Starting with the line containing "q A = (LBINT" and going on through the line containing "proof (rule integral_mono)", return the lines of the data below exactly, and only those.

————

text \<open>
  With q = 1/p, the substitution s = A - A u turns int_0^A f(s) (A - s)^(-q) ds into
  A^(1 - q) int_0^1 f(A - A u) u^(-q) du, whose integrand depends continuously on A and is
  dominated by a multiple of the integrable weight u^(-q); this gives continuity of H, and
  0 <= H(A) <= A gives the limit at 0.
  For A -> oo, A^q int_0^A f(s) (A - s)^(-q) ds tends to int_0^oo f whenever f >= 0 is
  integrable and s f(s) -> 0: on [0, A/2] by dominated convergence, since (A/(A - s))^q <= 2^q,
  while the integral over (A/2, A] is at most 2/(1 - q) sup {t f(t) | t >= A/2}. Applied to
  f = G' and to f = s G' (this is where s^2 G'(s) -> 0 is needed), H(A) tends to
  int_0^oo s G' / int_0^oo G', and int_0^oo G' = lim G = c_p(G)/2. Boundedness follows since
  H is continuous with finite limits at both ends of (0, oo).
\<close>

definition abel_integral :: "(real \<Rightarrow> real) \<Rightarrow> real \<Rightarrow> real \<Rightarrow> real" where
  "abel_integral f q A = (LBINT s:{0..A}. f s / (A - s) powr q)"

lemma set_integral_mono_subset_nonneg:
  fixes f :: "'a \<Rightarrow> real"
  assumes "set_integrable M B f" "A \<subseteq> B" "A \<in> sets M" "\<And>x. x \<in> B \<Longrightarrow> 0 \<le> f x"
  shows "(LINT x:A|M. f x) \<le> (LINT x:B|M. f x)"
  unfolding set_lebesgue_integral_def
proof (rule integral_mono)
  show "integrable M (\<lambda>x. indicator A x *\<^sub>R f x)"
    using set_integrable_subset[OF assms(1) assms(3) assms(2)] unfolding set_integrable_def .
  show "integrable M (\<lambda>x. indicator B x *\<^sub>R f x)"
    using assms(1) unfolding set_integrable_def .
  show "indicator A x *\<^sub>R f x \<le> indicator B x *\<^sub>R f x" for x
    using assms(2,4) by (auto simp: indicator_def)
qed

————

● **ANSWER SPACE**:
  "abel_integral f q A = (LBINT s:{0..A}. f s / (A - s) powr q)"

lemma set_integral_mono_subset_nonneg:
  fixes f :: "'a \<Rightarrow> real"
  assumes "set_integrable M B f" "A \<subseteq> B" "A \<in> sets M" "\<And>x. x \<in> B \<Longrightarrow> 0 \<le> f x"
  shows "(LINT x:A|M. f x) \<le> (LINT x:B|M. f x)"
  unfolding set_lebesgue_integral_def
proof (rule integral_mono)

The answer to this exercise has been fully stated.